World Hepatitis Day is observed every year on 28 July to raise awareness of viral hepatitis, which causes inflammation of the liver that leads to severe disease and liver cancer.

The world is currently facing a new outbreak of unexplained acute hepatitis infections affecting children. WHO, together with scientists and policy-makers in affected countries, are working to understand the cause of this infection that does not appear to belong to any of the known 5 types of viral hepatitis viruses: A, B, C, D and E.

This new outbreak brings focus on thousands of acute viral hepatitis infections that occur among children, adolescents and adults every year. Most acute hepatitis infections cause mild disease and even go undetected. But, in some cases, they can lead to complications and be fatal.

Global efforts prioritize the elimination of hepatitis B and C infections. Unlike acute viral hepatitis, hepatitis B and C lead to chronic disease that is asymptomatic for many years, resulting in cirrhosis, liver cancer and death. In the WHO European Region, hepatitis B and C are responsible for more than 100 000 lives lost every year.

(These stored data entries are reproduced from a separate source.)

lemma finite_in_shape:
  assumes "\<nu> \<in> Lam"
  shows "finite {rc. in_shape \<nu> rc}"
proof -
  have "{rc. in_shape \<nu> rc} \<subseteq> Sigma {r. \<nu> r \<noteq> 0} (\<lambda>r. {..nat (\<nu> r)})"
    by (auto simp: in_shape_def)
  moreover have "finite (Sigma {r. \<nu> r \<noteq> 0} (\<lambda>r. {..nat (\<nu> r)}))"
    using assms by (auto simp: Lam_def)
  ultimately show ?thesis
    by (rule finite_subset)
qed

lemma finite_range_SST:
  assumes "T \<in> SST \<nu>" and "\<nu> \<in> Lam"
  shows "finite (range T)"
proof -
  have "range T \<subseteq> insert 0 (T ` {rc. in_shape \<nu> rc})"
    using assms(1) by (auto simp: SST_def)
  then show ?thesis
    using finite_in_shape[OF assms(2)] by (simp add: finite_subset)
qed

lemma uSST_entries_bounded:
  assumes "\<forall>i<k. nup i \<in> Lam \<and> num i \<in> Lam" and "(Tp, Tm) \<in> uSST k nup num"
  obtains M where "\<And>i rc. i < k \<Longrightarrow> Tp i rc \<le> M" and "\<And>i rc. i < k \<Longrightarrow> Tm i rc \<le> M"
proof -
  have "finite (range (Tp i)) \<and> finite (range (Tm i))" if "i < k" for i
    using assms that by (auto simp: uSST_def intro: finite_range_SST)
  then have "finite (\<Union>i<k. range (Tp i) \<union> range (Tm i))"
    by simp
  then obtain M where M: "\<forall>n\<in>(\<Union>i<k. range (Tp i) \<union> range (Tm i)). n \<le> M"
    unfolding finite_nat_set_iff_bounded_le by blast
  show ?thesis
  proof (rule that)
    fix i rc
    assume "i < k"
    then show "Tp i rc \<le> M" "Tm i rc \<le> M"
      using M by blast+
  qed
qed

lemma wt_eq_0_if_entries_le:
  assumes "\<forall>rc. T rc \<le> M" and "M < j"
  shows "wt \<nu> T j = 0"
proof -
  have "{rc. in_shape \<nu> rc \<and> T rc = j} = {}"
    using assms by (metis (mono_tags) empty_Collect_eq leD)
  then show ?thesis
    unfolding wt_def by (simp only: card.empty) simp
qed

lemma uniform_bound_if_eventually_bounded:
  fixes f :: "'i \<Rightarrow> nat \<Rightarrow> 'a::linorder"
  assumes "finite I" and "\<forall>i\<in>I. \<forall>j>M. f i j \<le> c"
  shows "\<exists>B. \<forall>i\<in>I. \<forall>j. f i j \<le> B"
proof (intro exI ballI allI)
  let ?B = "Max (insert c ((\<lambda>(i, j). f i j) ` (I \<times> {..M})))"
  have fin: "finite (insert c ((\<lambda>(i, j). f i j) ` (I \<times> {..M})))"
    using assms(1) by simp
  fix i j
  assume "i \<in> I"
  show "f i j \<le> ?B"
  proof (cases "j \<le> M")
    case True
    with \<open>i \<in> I\<close> show ?thesis
      by (intro Max_ge[OF fin]) auto
  next
    case False
    with \<open>i \<in> I\<close> assms(2) have "f i j \<le> c"
      by simp
    also have "c \<le> ?B"
      by (rule Max_ge[OF fin]) simp
    finally show ?thesis .
  qed
qed

lemma sum_lessThan_cyclic_pred:
  fixes f :: "nat \<Rightarrow> 'a::comm_monoid_add"
  assumes "1 \<le> k"
  shows "(\<Sum>i<k. f ((i + k - 1) mod k)) = (\<Sum>i<k. f i)"
proof -
  obtain k' where k: "k = Suc k'"
    using assms by (cases k) auto
  have "(\<Sum>i<Suc k'. f ((i + Suc k' - 1) mod Suc k')) = f k' + (\<Sum>i<k'. f ((Suc i + k') mod Suc k'))"
    by (simp only: sum.lessThan_Suc_shift) simp
  also have "(\<Sum>i<k'. f ((Suc i + k') mod Suc k')) = (\<Sum>i<k'. f i)"
    by (intro sum.cong) (simp_all flip: add_Suc_right)
  finally show ?thesis
    using k by (simp add: add.commute)
qed

lemma partial_sum_cyclic_pred:
  fixes f :: "nat \<Rightarrow> 'a::comm_monoid_add"
  assumes "i < k" and "(\<Sum>l<k. f l) = 0"
  shows "(\<Sum>l<Suc ((i + k - 1) mod k). f l) = (\<Sum>l<i. f l)"
proof (cases i)
  case 0
  then have "Suc ((i + k - 1) mod k) = k"
    using assms(1) by simp
  then show ?thesis
    using 0 assms(2) by simp
next
  case (Suc i')
  then have "(i + k - 1) mod k = i'"
    using assms(1) by simp
  then show ?thesis
    using Suc by simp
qed

lemma add_staircase_in_CLR:
  assumes "T \<in> SST \<nu>" and "\<forall>j>M. x j = 0" and "\<forall>j. \<bar>x j\<bar> \<le> D" and "2 * D + int E \<le> C"
    and "\<forall>i. crys_eps \<nu> i T \<le> E" and "\<forall>i>M. crys_eps \<nu> i T = 0"
    and "\<forall>j. x j + wt \<nu> T j = y j"
  shows "T \<in> CLR (\<lambda>j. y j + staircase C M j) (\<lambda>j. x j + staircase C M j) \<nu>"
proof -
  have "(\<lambda>j. x j + staircase C M j + wt \<nu> T j) = (\<lambda>j. y j + staircase C M j)"
    using assms(7) by (auto simp: fun_eq_iff algebra_simps)
  then show ?thesis
    using assms(1) add_staircase_dominates_eps_vec[OF assms(2-6)] by (simp add: CLR_def)
qed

While we have the guidance and tools to diagnose, treat and prevent chronic viral hepatitis, these services are often out of reach of communities and are sometimes only available at centralized or specialized hospitals.

On World Hepatitis Day 2022, WHO is highlighting the need to bring hepatitis treatment and care closer to primary health-care facilities and communities so that people have better access no matter what type of hepatitis they may have.

WHO aims to achieve hepatitis elimination by 2030. To get there, WHO calls on countries to achieve specific interim targets by 2025:

to reduce new infections of hepatitis B and C by 50%

to reduce deaths from liver cancer by 40%

to ensure that 60% of people with hepatitis B and C virus are diagnosed

to ensure that 50% of those eligible receive appropriate treatment.